(Stored items)
════

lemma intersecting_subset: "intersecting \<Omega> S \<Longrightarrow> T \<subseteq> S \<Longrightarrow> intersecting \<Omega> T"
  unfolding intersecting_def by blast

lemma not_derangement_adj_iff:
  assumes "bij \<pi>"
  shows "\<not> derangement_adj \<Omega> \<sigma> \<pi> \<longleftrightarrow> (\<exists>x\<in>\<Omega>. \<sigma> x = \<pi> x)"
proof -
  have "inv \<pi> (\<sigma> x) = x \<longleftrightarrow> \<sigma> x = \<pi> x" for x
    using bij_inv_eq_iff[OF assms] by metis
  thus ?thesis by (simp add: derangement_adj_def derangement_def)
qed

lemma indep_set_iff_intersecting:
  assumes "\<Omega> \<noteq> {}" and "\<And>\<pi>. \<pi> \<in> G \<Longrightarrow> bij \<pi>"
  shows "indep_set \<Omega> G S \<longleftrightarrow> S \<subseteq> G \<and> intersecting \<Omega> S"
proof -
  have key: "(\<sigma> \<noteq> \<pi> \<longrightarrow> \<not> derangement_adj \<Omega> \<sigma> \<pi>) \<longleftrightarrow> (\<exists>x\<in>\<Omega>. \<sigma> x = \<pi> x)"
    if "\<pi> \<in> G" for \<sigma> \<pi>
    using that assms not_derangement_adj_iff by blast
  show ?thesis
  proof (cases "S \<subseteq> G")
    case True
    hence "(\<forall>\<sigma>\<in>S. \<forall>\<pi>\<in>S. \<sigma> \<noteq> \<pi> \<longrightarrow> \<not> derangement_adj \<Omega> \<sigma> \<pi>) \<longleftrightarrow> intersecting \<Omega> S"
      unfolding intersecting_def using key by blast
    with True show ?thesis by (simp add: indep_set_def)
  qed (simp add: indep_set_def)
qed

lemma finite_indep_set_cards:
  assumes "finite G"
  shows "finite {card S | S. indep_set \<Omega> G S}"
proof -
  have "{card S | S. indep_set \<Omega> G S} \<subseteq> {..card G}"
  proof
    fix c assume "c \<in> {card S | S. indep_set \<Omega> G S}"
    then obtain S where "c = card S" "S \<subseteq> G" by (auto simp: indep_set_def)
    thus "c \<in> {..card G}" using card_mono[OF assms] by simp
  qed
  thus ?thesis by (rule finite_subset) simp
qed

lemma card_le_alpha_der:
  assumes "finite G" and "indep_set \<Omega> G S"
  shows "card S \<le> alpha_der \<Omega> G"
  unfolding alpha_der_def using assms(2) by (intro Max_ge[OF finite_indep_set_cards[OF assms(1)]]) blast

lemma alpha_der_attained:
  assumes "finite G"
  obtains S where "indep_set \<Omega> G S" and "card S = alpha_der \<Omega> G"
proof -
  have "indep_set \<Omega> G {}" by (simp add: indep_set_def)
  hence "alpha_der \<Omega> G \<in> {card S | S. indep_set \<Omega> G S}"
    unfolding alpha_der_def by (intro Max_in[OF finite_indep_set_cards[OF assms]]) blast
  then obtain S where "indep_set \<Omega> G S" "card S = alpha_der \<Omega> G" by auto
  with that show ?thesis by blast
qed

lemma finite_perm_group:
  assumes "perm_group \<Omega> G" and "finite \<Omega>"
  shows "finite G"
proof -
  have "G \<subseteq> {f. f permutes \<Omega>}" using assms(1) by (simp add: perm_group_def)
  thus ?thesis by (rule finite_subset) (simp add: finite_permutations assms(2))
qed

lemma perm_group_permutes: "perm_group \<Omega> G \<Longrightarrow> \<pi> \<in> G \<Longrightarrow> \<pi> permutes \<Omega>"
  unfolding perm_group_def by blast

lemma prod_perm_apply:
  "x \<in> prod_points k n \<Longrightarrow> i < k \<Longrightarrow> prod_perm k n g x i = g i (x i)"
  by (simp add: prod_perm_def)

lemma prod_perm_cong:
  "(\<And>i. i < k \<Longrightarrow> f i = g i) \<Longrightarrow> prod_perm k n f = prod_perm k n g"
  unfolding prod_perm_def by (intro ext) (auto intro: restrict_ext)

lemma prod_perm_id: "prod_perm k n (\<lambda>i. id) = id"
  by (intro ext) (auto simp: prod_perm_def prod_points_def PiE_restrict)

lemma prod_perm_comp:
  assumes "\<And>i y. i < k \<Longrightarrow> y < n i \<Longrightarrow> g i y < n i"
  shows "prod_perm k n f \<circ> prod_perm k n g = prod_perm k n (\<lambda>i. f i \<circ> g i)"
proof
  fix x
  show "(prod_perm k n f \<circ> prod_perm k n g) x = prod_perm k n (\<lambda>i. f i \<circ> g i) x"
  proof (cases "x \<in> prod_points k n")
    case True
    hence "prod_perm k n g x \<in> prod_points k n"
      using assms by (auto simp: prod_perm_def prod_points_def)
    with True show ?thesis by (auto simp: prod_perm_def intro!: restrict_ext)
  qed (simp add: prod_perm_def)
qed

════

DIRECTIONS FOR THIS TASK :: The task requires an exact copy of all the lines above.

OUTPUT ::
lemma intersecting_subset: "intersecting \<Omega> S \<Longrightarrow> T \<subseteq> S \<Longrightarrow> intersecting \<Omega> T"
  unfolding intersecting_def by blast

lemma not_derangement_adj_iff:
  assumes "bij \<pi>"
  shows "\<not> derangement_adj \<Omega> \<sigma> \<pi> \<longleftrightarrow> (\<exists>x\<in>\<Omega>. \<sigma> x = \<pi> x)"
proof -
  have "inv \<pi> (\<sigma> x) = x \<longleftrightarrow> \<sigma> x = \<pi> x" for x
    using bij_inv_eq_iff[OF assms] by metis
  thus ?thesis by (simp add: derangement_adj_def derangement_def)
qed

lemma indep_set_iff_intersecting:
  assumes "\<Omega> \<noteq> {}" and "\<And>\<pi>. \<pi> \<in> G \<Longrightarrow> bij \<pi>"
  shows "indep_set \<Omega> G S \<longleftrightarrow> S \<subseteq> G \<and> intersecting \<Omega> S"
proof -
  have key: "(\<sigma> \<noteq> \<pi> \<longrightarrow> \<not> derangement_adj \<Omega> \<sigma> \<pi>) \<longleftrightarrow> (\<exists>x\<in>\<Omega>. \<sigma> x = \<pi> x)"
    if "\<pi> \<in> G" for \<sigma> \<pi>
    using that assms not_derangement_adj_iff by blast
  show ?thesis
  proof (cases "S \<subseteq> G")
    case True
    hence "(\<forall>\<sigma>\<in>S. \<forall>\<pi>\<in>S. \<sigma> \<noteq> \<pi> \<longrightarrow> \<not> derangement_adj \<Omega> \<sigma> \<pi>) \<longleftrightarrow> intersecting \<Omega> S"
      unfolding intersecting_def using key by blast
    with True show ?thesis by (simp add: indep_set_def)
  qed (simp add: indep_set_def)
qed

lemma finite_indep_set_cards:
  assumes "finite G"
  shows "finite {card S | S. indep_set \<Omega> G S}"
proof -
  have "{card S | S. indep_set \<Omega> G S} \<subseteq> {..card G}"
  proof
    fix c assume "c \<in> {card S | S. indep_set \<Omega> G S}"
    then obtain S where "c = card S" "S \<subseteq> G" by (auto simp: indep_set_def)
    thus "c \<in> {..card G}" using card_mono[OF assms] by simp
  qed
  thus ?thesis by (rule finite_subset) simp
qed

lemma card_le_alpha_der:
  assumes "finite G" and "indep_set \<Omega> G S"
  shows "card S \<le> alpha_der \<Omega> G"
  unfolding alpha_der_def using assms(2) by (intro Max_ge[OF finite_indep_set_cards[OF assms(1)]]) blast

lemma alpha_der_attained:
  assumes "finite G"
  obtains S where "indep_set \<Omega> G S" and "card S = alpha_der \<Omega> G"
proof -
  have "indep_set \<Omega> G {}" by (simp add: indep_set_def)
  hence "alpha_der \<Omega> G \<in> {card S | S. indep_set \<Omega> G S}"
    unfolding alpha_der_def by (intro Max_in[OF finite_indep_set_cards[OF assms]]) blast
  then obtain S where "indep_set \<Omega> G S" "card S = alpha_der \<Omega> G" by auto
  with that show ?thesis by blast
qed

lemma finite_perm_group:
  assumes "perm_group \<Omega> G" and "finite \<Omega>"
  shows "finite G"
proof -
  have "G \<subseteq> {f. f permutes \<Omega>}" using assms(1) by (simp add: perm_group_def)
  thus ?thesis by (rule finite_subset) (simp add: finite_permutations assms(2))
qed

lemma perm_group_permutes: "perm_group \<Omega> G \<Longrightarrow> \<pi> \<in> G \<Longrightarrow> \<pi> permutes \<Omega>"
  unfolding perm_group_def by blast

lemma prod_perm_apply:
  "x \<in> prod_points k n \<Longrightarrow> i < k \<Longrightarrow> prod_perm k n g x i = g i (x i)"
  by (simp add: prod_perm_def)

lemma prod_perm_cong:
  "(\<And>i. i < k \<Longrightarrow> f i = g i) \<Longrightarrow> prod_perm k n f = prod_perm k n g"
  unfolding prod_perm_def by (intro ext) (auto intro: restrict_ext)

lemma prod_perm_id: "prod_perm k n (\<lambda>i. id) = id"
  by (intro ext) (auto simp: prod_perm_def prod_points_def PiE_restrict)

lemma prod_perm_comp:
  assumes "\<And>i y. i < k \<Longrightarrow> y < n i \<Longrightarrow> g i y < n i"
  shows "prod_perm k n f \<circ> prod_perm k n g = prod_perm k n (\<lambda>i. f i \<circ> g i)"
proof
  fix x
  show "(prod_perm k n f \<circ> prod_perm k n g) x = prod_perm k n (\<lambda>i. f i \<circ> g i) x"
  proof (cases "x \<in> prod_points k n")
    case True
    hence "prod_perm k n g x \<in> prod_points k n"
      using assms by (auto simp: prod_perm_def prod_points_def)
    with True show ?thesis by (auto simp: prod_perm_def intro!: restrict_ext)
  qed (simp add: prod_perm_def)
qed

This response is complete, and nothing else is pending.